The European Union has signed a EUR39.25 million (USD52.66 million) financing agreement for a health policy support programme in Vietnam.

Many hospitals suffering from severe overcrowding
The agreement was clinched on December 6 in the Belgian capital of Brussels between Vietnamese Minister of Finance Vuong Dinh Hue and Dirk Meganck, Director for Asia, EuropeAid Development and Cooperation Directorate General, acting on behalf of the European Commission.
The funding aims at supporting Vietnam's efforts to improve access to public health services and to increase the quality of service delivery, especially to the poor and most vulnerable, through a more effective, efficient and equitable health system.
With its specific focus on the implementation of Vietnam’s five-year health plan ranging from 2011- 2015, the programme is expected to help improve the nation’s health policy and support the sector's reform.
The programme intends to contribute to strengthening the stewardship and regulatory functions of the Ministry of Health and promote more equitable and efficient health financing.
It will also help respond better to increasing demands of health promotion, prevention and care, in addition to improving access to pharmaceuticals, supply of vaccines and other technologies.
Hospital overcrowding
Hospitals across the country are currently suffering from severe overcrowding, with four to five patients in several facilities being forced to share a sickbed.

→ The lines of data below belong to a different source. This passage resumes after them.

text \<open>The inner code, living in dimension n - 1, is placed in the hyperplane through o1 s1
  orthogonal to o1 s1 by prepending a zero coordinate and applying the Householder reflection
  that sends r1 e_0 to o1 s1.\<close>

lemma exists_nested_arrangement:
  assumes n: "n \<ge> 1" and C1: "spherical_code n r1 \<delta>1 C1" and C2: "spherical_code (n - 1) r2 \<delta>2 C2"
  obtains o1 o2 where "nested_arrangement n r1 \<delta>1 r2 \<delta>2 (card C1) (card C2) o1 o2"
proof -
  obtain o1 h where o1: "bij_betw o1 {..<card C1} C1" and h: "bij_betw h {..<card C2} C2"
    using ex_bij_betw_nat_finite spherical_codeD(1)[OF C1] spherical_codeD(1)[OF C2]
    unfolding atLeast0LessThan by metis
  have o1C: "o1 s1 \<in> C1" if "s1 < card C1" for s1 using o1 that by (auto dest: bij_betwE)
  have hC: "h s2 \<in> C2" if "s2 < card C2" for s2 using h that by (auto dest: bij_betwE)
  define w where "w s1 s2 = householder n (\<lambda>i. o1 s1 i - (if i = 0 then r1 else 0)) (prepend_zero n (h s2))"
    for s1 s2
  define o2 where "o2 s1 s2 = restrict (\<lambda>i. o1 s1 i + w s1 s2 i) {..<n}" for s1 s2
  have diff: "inner_n n (vsub (o2 s1 s2) (o1 s1)) x = inner_n n (w s1 s2) x"
    and diff_self: "inner_n n (vsub (o2 s1 s2) (o1 s1)) (vsub (o2 s1 s2) (o1 s1))
      = inner_n n (w s1 s2) (w s1 s2)"
    and diff_diff: "inner_n n (vsub (o2 s1 s2) (o2 s1 s2')) (vsub (o2 s1 s2) (o2 s1 s2'))
      = inner_n n (vsub (w s1 s2) (w s1 s2')) (vsub (w s1 s2) (w s1 s2'))"
    for s1 s2 s2' x
    by (rule inner_n_cong; simp add: o2_def vsub_def)+
  have w: "inner_n n (w s1 s2) (w s1 s2') = inner_n (n - 1) (h s2) (h s2')" for s1 s2 s2'
    unfolding w_def inner_n_householder by (rule inner_n_prepend_zero[OF n])
  have "\<forall>s1<card C1. o1 s1 \<in> Rn n \<and> inner_n n (o1 s1) (o1 s1) = r1\<^sup>2"
    using spherical_codeD(2,3)[OF C1] o1C by simp
  moreover have "\<delta>1\<^sup>2 \<le> inner_n n (vsub (o1 s1) (o1 s1')) (vsub (o1 s1) (o1 s1'))"
    if "s1 < card C1" "s1' < card C1" "s1 \<noteq> s1'" for s1 s1'
  proof (rule spherical_codeD(4)[OF C1 o1C o1C])
    show "o1 s1 \<noteq> o1 s1'" using o1 that unfolding bij_betw_def inj_on_def by blast
  qed (use that in simp_all)
  moreover have "o2 s1 s2 \<in> Rn n \<and>
      inner_n n (vsub (o2 s1 s2) (o1 s1)) (vsub (o2 s1 s2) (o1 s1)) = r2\<^sup>2 \<and>
      inner_n n (vsub (o2 s1 s2) (o1 s1)) (o1 s1) = 0"
    if s1: "s1 < card C1" and s2: "s2 < card C2" for s1 s2
  proof (intro conjI)
    show "o2 s1 s2 \<in> Rn n" unfolding o2_def by simp
    show "inner_n n (vsub (o2 s1 s2) (o1 s1)) (vsub (o2 s1 s2) (o1 s1)) = r2\<^sup>2"
      unfolding diff_self w using spherical_codeD(3)[OF C2 hC[OF s2]] .
    have "inner_n n (w s1 s2) (o1 s1) = r1 * prepend_zero n (h s2) 0"
      unfolding w_def by (rule inner_n_householder_axis[OF n spherical_codeD(3)[OF C1 o1C[OF s1]]])
    thus "inner_n n (vsub (o2 s1 s2) (o1 s1)) (o1 s1) = 0"
      unfolding diff using n by (simp add: prepend_zero_def)
  qed
  moreover have "\<delta>2\<^sup>2 \<le> inner_n n (vsub (o2 s1 s2) (o2 s1 s2')) (vsub (o2 s1 s2) (o2 s1 s2'))"
    if "s2 < card C2" "s2' < card C2" "s2 \<noteq> s2'" for s1 s2 s2'
  proof -
    have "h s2 \<noteq> h s2'" using h that unfolding bij_betw_def inj_on_def by blast
    with that have "\<delta>2\<^sup>2 \<le> inner_n (n - 1) (vsub (h s2) (h s2')) (vsub (h s2) (h s2'))"
      by (intro spherical_codeD(4)[OF C2] hC)
    also have "\<dots> = inner_n n (vsub (w s1 s2) (w s1 s2')) (vsub (w s1 s2) (w s1 s2'))"
      unfolding inner_n_diff_self w by (simp add: inner_n_commute)
    finally show ?thesis unfolding diff_diff .
  qed
  ultimately show ?thesis using that unfolding nested_arrangement_def by blast
qed
section \<open>Derivatives of Schur functions at \<open>[x\<^sub>1] + \<dots> + [x\<^sub>k]\<close>\<close>

lemma sum_perm_counts:
  assumes "length lam = l" "k \<le> l" "\<rho> permutes {0..<l - k}"
  shows "(\<Sum>i\<in>{0..<l}. perm_counts lam k \<rho> i) = int (Nlk lam k)"
proof -
  define m where "m = l - k"
  have lkm: "l = k + m"
    using assms by (simp add: m_def)
  have "(\<Sum>i\<in>{0..<l}. perm_counts lam k \<rho> i) = (\<Sum>i\<in>{k..<l}. perm_counts lam k \<rho> i)"
    using assms by (simp add: sum.atLeastLessThan_concat[of 0 k l, symmetric] perm_counts_def)
  also have "\<dots> = (\<Sum>r\<in>{0..<m}. int (lam ! (k + r)) - int r + int (\<rho> r))"
    by (rule sum.reindex_bij_witness[where i="\<lambda>r. k + r" and j="\<lambda>i. i - k"])
      (auto simp: perm_counts_def lkm)
  also have "\<dots> = (\<Sum>r\<in>{0..<m}. int (lam ! (k + r)))"
    using sum.permute[OF assms(3)[folded m_def], of int]
    by (simp add: sum.distrib sum_subtractf comp_def)
  also have "\<dots> = int (Nlk lam k)"
    unfolding Nlk_def assms(1) of_nat_sum
    by (rule sum.reindex_bij_witness[where i="\<lambda>i. i - k" and j="\<lambda>r. k + r"]) (auto simp: lkm)
  finally show ?thesis .
qed

lemma card_words_perm_counts:
  assumes "length lam = l" "k \<le> l" "\<rho> permutes {0..<l - k}"
  shows "of_nat (card {xs \<in> words (Nlk lam k) l. \<forall>i<l. int (count (mset xs) i) = perm_counts lam k \<rho> i})
       = fact (Nlk lam k) * (\<Prod>r\<in>{0..<l - k}. inv_fact (int (lam ! (k + r)) - int r + int (\<rho> r)))"
proof -
  have "(\<Prod>i\<in>{0..<k}. inv_fact (perm_counts lam k \<rho> i)) = 1"
    by (simp add: perm_counts_def inv_fact_def)
  then have "(\<Prod>i\<in>{0..<l}. inv_fact (perm_counts lam k \<rho> i))
      = (\<Prod>i\<in>{k..<l}. inv_fact (perm_counts lam k \<rho> i))"
    using assms(2) by (simp add: prod.atLeastLessThan_concat[of 0 k l, symmetric])
  also have "\<dots> = (\<Prod>r\<in>{0..<l - k}. inv_fact (int (lam ! (k + r)) - int r + int (\<rho> r)))"
    by (rule prod.reindex_bij_witness[where i="\<lambda>r. k + r" and j="\<lambda>i. i - k"])
      (use assms(2) in \<open>auto simp: perm_counts_def\<close>)
  finally show ?thesis
    using card_words_with_int_counts[OF sum_perm_counts[OF assms]] by simp
qed

lemma d1_pow_schur_tx_agreeing:
  assumes lam: "is_partition lam" "length lam = l" "k \<le> l"
    and mu: "is_partition mu" "mu = lam \<or> plt lam mu" "length mu = l"
      "\<And>i. i \<in> {k..<l} \<Longrightarrow> mu ! i = lam ! i"
  shows "(d1 ^^ Nlk lam k) (schur mu) (tx k x) = cprime lam k * schur (take k mu) (tx k x)"
proof -
  let ?N = "Nlk lam k" and ?P = "{\<rho>. \<rho> permutes {0..<l - k}}" and ?s = "schur (take k mu) (tx k x)"
  let ?counts = "\<lambda>\<rho> xs. \<forall>i<l. int (count (mset xs) i) = perm_counts lam k \<rho> i"
  have "(d1 ^^ ?N) (schur mu) (tx k x) = (\<Sum>xs\<in>words ?N l. \<Sum>\<rho>\<in>?P. if ?counts \<rho> xs then signof \<rho> * ?s else 0)"
    unfolding schur_eq_jt_det[of mu] d1_pow_jt_det mu(3)
    by (intro sum.cong refl) (rule jt_det_word_tx[OF lam mu])
  also have "\<dots> = (\<Sum>\<rho>\<in>?P. of_nat (card {xs \<in> words ?N l. ?counts \<rho> xs}) * (signof \<rho> * ?s))"
    by (subst sum.swap) (simp add: sum.inter_filter[symmetric])
  also have "\<dots> = ?s * (fact ?N * (\<Sum>\<rho>\<in>?P. signof \<rho> *
      (\<Prod>r\<in>{0..<l - k}. inv_fact (int (lam ! (k + r)) - int r + int (\<rho> r)))))"
    using lam(2,3) by (simp add: card_words_perm_counts sum_distrib_left mult_ac)
  also have "\<dots> = cprime lam k * ?s"
    using perm_sum_eq_cprime[OF lam(2,3)] by simp
  finally show ?thesis .
qed

lemma d1_pow_schur_tx_vanishing:
  assumes lam: "is_partition lam" "length lam = l" "k \<le> l"
    and mu: "is_partition mu" "mu = lam \<or> plt lam mu"
    and not_agreeing: "\<not> (length mu = l \<and> (\<forall>i\<in>{k..<l}. mu ! i = lam ! i))"
  shows "(d1 ^^ Nlk lam k) (schur mu) (tx k x) = 0"
proof -
  let ?n = "length mu"
  have "jt_det ?n (\<lambda>i. int (mu ! i) - int i - int (count (mset xs) i)) (tx k x) = 0"
    if xs: "xs \<in> words (Nlk lam k) ?n" for xs
  proof (rule ccontr)
    assume "jt_det ?n (\<lambda>i. int (mu ! i) - int i - int (count (mset xs) i)) (tx k x) \<noteq> 0"
    then obtain \<sigma> where \<sigma>: "\<sigma> permutes {0..<?n}"
      and \<sigma>_rows: "\<And>i. i < ?n \<Longrightarrow> k \<le> \<sigma> i \<Longrightarrow> int (mu ! i) - int i - int (count (mset xs) i) = - int (\<sigma> i)"
      using jt_det_tx_nonzero_imp by blast
    have "(\<Sum>i\<in>{0..<?n}. count (mset xs) i) = Nlk lam k"
      using xs sum_count_mset[of xs "{0..<?n}"] by (simp add: words_def)
    from jt_support[OF lam mu refl this \<sigma> \<sigma>_rows] not_agreeing show False
      by blast
  qed
  then show ?thesis
    unfolding schur_eq_jt_det d1_pow_jt_det by (simp add: sum.neutral)
qed

lemma tau_coef_d1_pow_schur_tx:
  assumes lam: "is_partition lam" "length lam = l" "k \<le> l" and mu: "is_partition mu"
  shows "tau_coef lam xi mu * (d1 ^^ Nlk lam k) (schur mu) (tx k x)
       = (if length mu \<le> l \<and> (\<forall>i\<in>{k..<l}. part mu i = lam ! i)
          then cprime lam k * (tau_coef lam xi mu * schur (take k mu) (tx k x)) else 0)"
proof (cases "mu = lam \<or> plt lam mu")
  case True
  then have "l \<le> length mu"
    using dominating_partition(1)[OF lam(1)] lam(2) by blast
  then have "length mu \<le> l \<and> (\<forall>i\<in>{k..<l}. part mu i = lam ! i)
      \<longleftrightarrow> length mu = l \<and> (\<forall>i\<in>{k..<l}. mu ! i = lam ! i)"
    by (auto simp: part_def)
  then show ?thesis
    using d1_pow_schur_tx_agreeing[OF lam mu True] d1_pow_schur_tx_vanishing[OF lam mu True] by auto
next
  case False
  then show ?thesis
    by (simp add: tau_coef_def)
qed
lemma ex_fobj_less_average:
  fixes Psi :: "(real^'n) measure"
  assumes "finite_measure Psi" "sets Psi = sets borel" "\<gamma> > 1"
    and "measure Psi std_simplex = 1"
    and null_hyperplanes: "\<And>a::real^'n. a \<noteq> 0 \<Longrightarrow> measure Psi {s\<in>std_simplex. a \<bullet> s = 0} = 0"
    and "\<And>i. eta Psi \<gamma> (axis i 1) > 0"
    and w: "w \<in> std_simplex" and v: "v \<in> std_simplex" and "w \<noteq> v"
  shows "\<exists>u\<in>std_simplex. fobj Psi \<gamma> u < (fobj Psi \<gamma> w + fobj Psi \<gamma> v) / 2"
proof -
  define c where "c = axis_weights Psi \<gamma>"
  define a where "a = w \<bullet> c"
  define b where "b = v \<bullet> c"
  have w_nonneg: "\<forall>i. 0 \<le> w $ i" and v_nonneg: "\<forall>i. 0 \<le> v $ i"
    using w v by (simp_all add: mem_std_simplex)
  have "w \<noteq> 0" "v \<noteq> 0" using w v zero_notin_std_simplex by blast+
  then have "0 < a" "0 < b"
    using w_nonneg v_nonneg inner_axis_weights_pos[OF assms(6)] by (simp_all add: a_def b_def c_def)
  \<comment> \<open>normalise \<open>w\<close> and \<open>v\<close> to the affine hyperplane \<open>{x. x \<bullet> c = 1}\<close>, where \<open>fobj = eta\<close>\<close>
  define x where "x = (1 / a) *\<^sub>R w"
  define y where "y = (1 / b) *\<^sub>R v"
  have x_nonneg: "\<forall>i. 0 \<le> x $ i" and y_nonneg: "\<forall>i. 0 \<le> y $ i"
    using w_nonneg v_nonneg \<open>0 < a\<close> \<open>0 < b\<close> by (simp_all add: x_def y_def)
  have w_eq: "w = a *\<^sub>R x" and v_eq: "v = b *\<^sub>R y"
    using \<open>0 < a\<close> \<open>0 < b\<close> by (simp_all add: x_def y_def)
  have xc: "x \<bullet> c = 1" and yc: "y \<bullet> c = 1"
    using \<open>0 < a\<close> \<open>0 < b\<close> by (simp_all add: x_def y_def a_def b_def)
  have "x \<noteq> y"
    using std_simplex_scaleR_eq[OF w v, of "a / b"] w_eq \<open>w \<noteq> v\<close> by (auto simp: y_def)
  then have "measure Psi {s \<in> std_simplex. x \<bullet> s \<noteq> y \<bullet> s} \<noteq> 0"
    using measure_std_simplex_inner_neq[OF assms(1,2,4) null_hyperplanes] by simp
  then have eta_mid: "eta Psi \<gamma> (midpoint x y) < (eta Psi \<gamma> x + eta Psi \<gamma> y) / 2"
    using eta_midpoint_less[OF assms(1-3) x_nonneg y_nonneg] by blast
  \<comment> \<open>the point of the simplex on the ray through the midpoint of \<open>x\<close> and \<open>y\<close>\<close>
  define u where "u = (b / (a + b)) *\<^sub>R w + (a / (a + b)) *\<^sub>R v"
  have "u \<in> std_simplex"
    unfolding u_def using \<open>0 < a\<close> \<open>0 < b\<close> w v
    by (intro convexD[OF convex_std_simplex]) (simp_all add: add_divide_distrib[symmetric])
  moreover have "fobj Psi \<gamma> u = eta Psi \<gamma> (midpoint x y)"
  proof -
    have "u = (2 * a * b / (a + b)) *\<^sub>R midpoint x y"
      using \<open>0 < a\<close> \<open>0 < b\<close> by (simp add: u_def x_def y_def midpoint_def algebra_simps)
    moreover have "0 < 2 * a * b / (a + b)" using \<open>0 < a\<close> \<open>0 < b\<close> by simp
    moreover have "midpoint x y \<bullet> c = 1" using xc yc by (simp add: midpoint_def inner_add_left)
    ultimately show ?thesis by (simp add: fobj_scaleR fobj_eq_eta c_def)
  qed
  moreover have "fobj Psi \<gamma> w = eta Psi \<gamma> x" "fobj Psi \<gamma> v = eta Psi \<gamma> y"
    using fobj_scaleR[OF \<open>0 < a\<close>, of Psi \<gamma> x] fobj_scaleR[OF \<open>0 < b\<close>, of Psi \<gamma> y]
      fobj_eq_eta[OF xc[unfolded c_def]] fobj_eq_eta[OF yc[unfolded c_def]] w_eq v_eq by simp_all
  ultimately show ?thesis using eta_mid by (intro bexI[of _ u]) simp_all
qed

Health Minister Nguyen Thi Kim Tien recently admitted she had been shocked by the over-crowding at several Ho Chi Minh City hospitals during a recent inspection.
With limited land and rocketing population numbers, hospitals are buckling under the pressure. New hospitals continue to face site clearance problems, affecting their construction. Measures such as sending experienced doctors to local hospitals and the implementation of family doctors at a local level have not proved sufficiently effective to relieve the pressure on key national hospitals.
The minister acknowledged that medical check-up regulations were not strict enough, which meant patients often skipped visiting local hospitals and instead went directly to major hospitals compounding the problem.